Ver o tempo de voo até o destino, consultar a velocidade do avião e checar a autonomia do avião, considerando a possibilidade de ir para um campo de pouso alternativo, se for o caso.
Determinar no mapa os pontos cardeais, para com ajuda do transferidor determinar o grau da rota a ser seguida. Lembre-se que para nós, aviadores, lidamos com dois pontos norte, o geográfico e o magnético; a bússola segue sempre o magnético, daí necessidade de se conhecer a declinação magnética do Rio Grande do Norte (nesta região usávamos menos 20 graus), fazer as correções e determinar o grau correto a seguir.”
Depois dessa explanação cheia de detalhes me adiantou:
“Vou seguir amanhã cedo para São Joaquim, usarei o avião Culver, mais rápido do que o J-3 que você vai usar, decolo antes, e estarei lá lhe esperando”.

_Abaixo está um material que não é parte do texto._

(* With x = 2a+1, y = 2b+1 and T(a) = a(a+1)/2 we have alpha x^2 + beta y^2
   = 8 (alpha T(a) + beta T(b)) + alpha + beta, so 4 psi(q^alpha) psi(q^beta) is the sum of
   q^((alpha x^2 + beta y^2 - alpha - beta)/8) over all pairs of odd integers.  The reflection
   x -> -x (that is, a -> -a-1) swaps a class of odd pairs with its complement -- x == y (mod 4)
   for 3x^2 + 5y^2, and x == y or x == 3y (mod 8) for x^2 + 15y^2 -- so the sum over the class
   is 2 psi(q^alpha) psi(q^beta).  Each class is the disjoint union of five images of injective
   affine maps of Z^2 (or of a half-lattice a + b even/odd) under which the form becomes
   8 (k + m a^2 + n T(b)) or 8 (k + m T(a) + n T(b)), so that each image contributes one term
   q^k phi(q^m) psi(q^n) or q^k psi(q^m) psi(q^n).  Three of the five maps come from the
   rational automorphs (x, y) -> ((5y - x)/4, (3x + y)/4) of 3x^2 + 5y^2 and
   (x, y) -> ((x - 15y)/4, (x + y)/4) of x^2 + 15y^2. *)

lemma summable_norm_power_superlinear:
  fixes q :: "'a::real_normed_div_algebra"
  assumes "norm q < 1" "\<And>n. n \<le> e n"
  shows "summable (\<lambda>n. norm (q ^ e n))"
proof (rule summable_comparison_test)
  show "\<exists>N. \<forall>n\<ge>N. norm (norm (q ^ e n)) \<le> norm q ^ n"
    using assms by (auto simp: norm_power intro!: power_decreasing)
  show "summable (\<lambda>n. norm q ^ n)"
    using assms by (simp add: summable_geometric)
qed

lemma has_sum_int_split:
  fixes f :: "int \<Rightarrow> 'a::{topological_comm_monoid_add, t2_space}"
  assumes "((\<lambda>n. f (int n)) has_sum A) UNIV" "((\<lambda>n. f (- int n - 1)) has_sum B) UNIV"
  shows "(f has_sum A + B) UNIV"
proof -
  have "(f has_sum A) (range int)" "(f has_sum B) (range (\<lambda>n. - int n - 1))"
    using assms by (simp_all add: has_sum_reindex inj_on_def o_def)
  then have "(f has_sum A + B) (range int \<union> range (\<lambda>n. - int n - 1))"
    by (rule has_sum_Un_disjoint) auto
  moreover have "range int \<union> range (\<lambda>n. - int n - 1) = UNIV"
  proof -
    have "k \<in> range int \<or> k \<in> range (\<lambda>n. - int n - 1)" for k :: int
      by (cases "k \<ge> 0") (auto intro: image_eqI[of _ _ "nat k"] image_eqI[of _ _ "nat (- k - 1)"])
    then show ?thesis by blast
  qed
  ultimately show ?thesis by simp
qed

lemma has_sum_int_power:
  fixes q :: "'a::{real_normed_div_algebra, banach}" and e :: "int \<Rightarrow> nat"
  assumes q: "norm q < 1" and e: "\<And>n. n \<le> e (int n)" "\<And>n. n \<le> e (- int n - 1)"
  shows "((\<lambda>k. q ^ e k) has_sum (\<Sum>n. q ^ e (int n)) + (\<Sum>n. q ^ e (- int n - 1))) UNIV"
    and "(\<lambda>k. norm (q ^ e k)) summable_on UNIV"
proof -
  have "((\<lambda>n. q ^ e (h n)) has_sum (\<Sum>n. q ^ e (h n))) UNIV"
     and "((\<lambda>n. norm (q ^ e (h n))) has_sum (\<Sum>n. norm (q ^ e (h n)))) UNIV"
    if "\<And>n. n \<le> e (h n)" for h :: "nat \<Rightarrow> int"
  proof -
    have s: "summable (\<lambda>n. norm (q ^ e (h n)))"
      using summable_norm_power_superlinear[OF q that] .
    show "((\<lambda>n. q ^ e (h n)) has_sum (\<Sum>n. q ^ e (h n))) UNIV"
      by (rule norm_summable_imp_has_sum[OF s summable_sums[OF summable_norm_cancel[OF s]]])
    show "((\<lambda>n. norm (q ^ e (h n))) has_sum (\<Sum>n. norm (q ^ e (h n)))) UNIV"
      using s by (intro norm_summable_imp_has_sum) (simp_all add: summable_sums)
  qed
  note halves = this[of int, OF e(1)] this[of "\<lambda>n. - int n - 1", OF e(2)]
  show "((\<lambda>k. q ^ e k) has_sum (\<Sum>n. q ^ e (int n)) + (\<Sum>n. q ^ e (- int n - 1))) UNIV"
    using halves by (intro has_sum_int_split)
  show "(\<lambda>k. norm (q ^ e k)) summable_on UNIV"
    using has_sum_int_split[OF halves(2,4)] by (rule has_sum_imp_summable)
qed

definition tri :: "int \<Rightarrow> int" where
  "tri b = b * (b + 1) div 2"

lemma eight_tri: "8 * tri b = (2 * b + 1)^2 - 1"
proof -
  have "2 * tri b = b * (b + 1)"
    unfolding tri_def by simp
  then show ?thesis
    by (simp add: power2_eq_square algebra_simps)
qed

lemma tri_nonneg: "0 \<le> tri b"
proof -
  have "0 \<le> b * (b + 1)"
    by (cases "b \<ge> 0") (auto intro: mult_nonneg_nonneg mult_nonpos_nonpos)
  then show ?thesis
    unfolding tri_def by simp
qed

lemma tri_reflect: "tri (- b - 1) = tri b"
  unfolding tri_def by (simp add: algebra_simps)

lemma tri_of_nat: "tri (int n) = int (n * (n + 1) div 2)"
  unfolding tri_def by (simp add: zdiv_int algebra_simps)

lemma has_sum_ram_psi_int:
  fixes q :: complex
  assumes "norm q < 1"
  shows "((\<lambda>b. q ^ nat (tri b)) has_sum 2 * ram_psi q) UNIV"
    and "(\<lambda>b. norm (q ^ nat (tri b))) summable_on UNIV"
proof -
  have "n \<le> n * (n + 1) div 2" for n :: nat
    by (induction n) auto
  then have e: "n \<le> nat (tri (int n))" "n \<le> nat (tri (- int n - 1))" for n
    by (simp_all add: tri_reflect tri_of_nat)
  show "((\<lambda>b. q ^ nat (tri b)) has_sum 2 * ram_psi q) UNIV"
    using has_sum_int_power(1)[OF assms e] by (simp add: tri_reflect tri_of_nat ram_psi_def)
  show "(\<lambda>b. norm (q ^ nat (tri b))) summable_on UNIV"
    using has_sum_int_power(2)[OF assms e] .
qed

lemma has_sum_ram_phi_int:
  fixes q :: complex
  assumes "norm q < 1"
  shows "((\<lambda>a. q ^ nat (a^2)) has_sum ram_phi q) UNIV"
    and "(\<lambda>a. norm (q ^ nat (a^2))) summable_on UNIV"
proof -
  have e1: "n \<le> nat ((int n)^2)" for n
    by (simp add: power2_eq_square nat_mult_distrib)
  have e2: "n \<le> nat ((- int n - 1)^2)" for n
  proof -
    have "(- int n - 1)^2 = int ((n + 1)^2)"
      by (simp add: power2_eq_square algebra_simps)
    then show ?thesis
      by (metis le_add1 nat_int power2_nat_le_imp_le power2_nat_le_eq_le)
  qed
  show abs: "(\<lambda>a. norm (q ^ nat (a^2))) summable_on UNIV"
    using has_sum_int_power(2)[OF assms e1 e2] .
  show "((\<lambda>a. q ^ nat (a^2)) has_sum ram_phi q) UNIV"
    unfolding ram_phi_def using abs_summable_summable[OF abs] by (rule has_sum_infsum)
qed

lemma has_sum_mult_product:
  fixes f :: "'a \<Rightarrow> 'c::{real_normed_div_algebra, banach}" and g :: "'b \<Rightarrow> 'c"
  assumes "(f has_sum F) UNIV" "(g has_sum G) UNIV"
    and "(\<lambda>a. norm (f a)) summable_on UNIV" "(\<lambda>b. norm (g b)) summable_on UNIV"
  shows "((\<lambda>(a, b). f a * g b) has_sum F * G) UNIV"
proof -
  have "(\<lambda>(a, b). norm (f a * g b)) summable_on UNIV \<times> UNIV"
  proof (rule summable_on_SigmaI[where g = "\<lambda>a. norm (f a) * infsum (\<lambda>b. norm (g b)) UNIV"])
    show "((\<lambda>b. case (a, b) of (a, b) \<Rightarrow> norm (f a * g b))
            has_sum norm (f a) * infsum (\<lambda>b. norm (g b)) UNIV) UNIV" for a
      using has_sum_cmult_right[OF has_sum_infsum[OF assms(4)], of "norm (f a)"] by (simp add: norm_mult)
    show "(\<lambda>a. norm (f a) * infsum (\<lambda>b. norm (g b)) UNIV) summable_on UNIV"
      using assms(3) by (rule summable_on_cmult_left)
  qed (simp_all add: case_prod_unfold)
  then have "(\<lambda>p. norm (case p of (a, b) \<Rightarrow> f a * g b)) summable_on UNIV \<times> UNIV"
    by (simp add: case_prod_unfold)
  then have "(\<lambda>(a, b). f a * g b) summable_on UNIV \<times> UNIV"
    by (rule abs_summable_summable)
  then have "((\<lambda>(a, b). f a * g b) has_sum F * G) (UNIV \<times> UNIV)"
  proof (rule has_sum_SigmaI[rotated 2])
    show "((\<lambda>b. case (a, b) of (a, b) \<Rightarrow> f a * g b) has_sum f a * G) UNIV" for a
      using has_sum_cmult_right[OF assms(2)] by simp
    show "((\<lambda>a. f a * G) has_sum F * G) UNIV"
      using has_sum_cmult_left[OF assms(1)] by simp
  qed
  then show ?thesis by simp
qed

As 06,30 da manhã dei partida no Piper J-3, segui a risca todos aqueles detalhes e fui identificando cada ponto de referência anotada; o pico do Cabugi, o principal, quinze minutos após a decolagem ele se apresenta em cima da rota. Uma bela montanha com seus quase 600 metros de altura; na formação da crosta terrestre, resultado de uma erupção frustrada, não chegou a explodir, daí a sua forma e rocha calcinada, que ocorre na sua “chaminé”. Um pico de uma imponência digna de uma boa fotografia.
Depois de uma hora e trinta minutos de voo estava pousando em São Joaquim. Naquele momento senti-me vitorioso; tudo havia dado certo.
Fui recebido por Fabrício e D. Branca Pedroza, uma gentil senhora com gestos nobres, que me hospedou por uma noite.
No dia seguinte cedo, reabasteci o Piper e decolei em seguida, seguindo a rota ao contrário. Depois do Cabugi fui perdendo altura e sobrevoei a Fazenda Lagoa Nova do meu avô Lamartine. Um pátio maravilhoso na frente da Casa Grande que sugeria um pouso. A princípio relutei, mas fiz uma tentativa e conclui que dava para descer.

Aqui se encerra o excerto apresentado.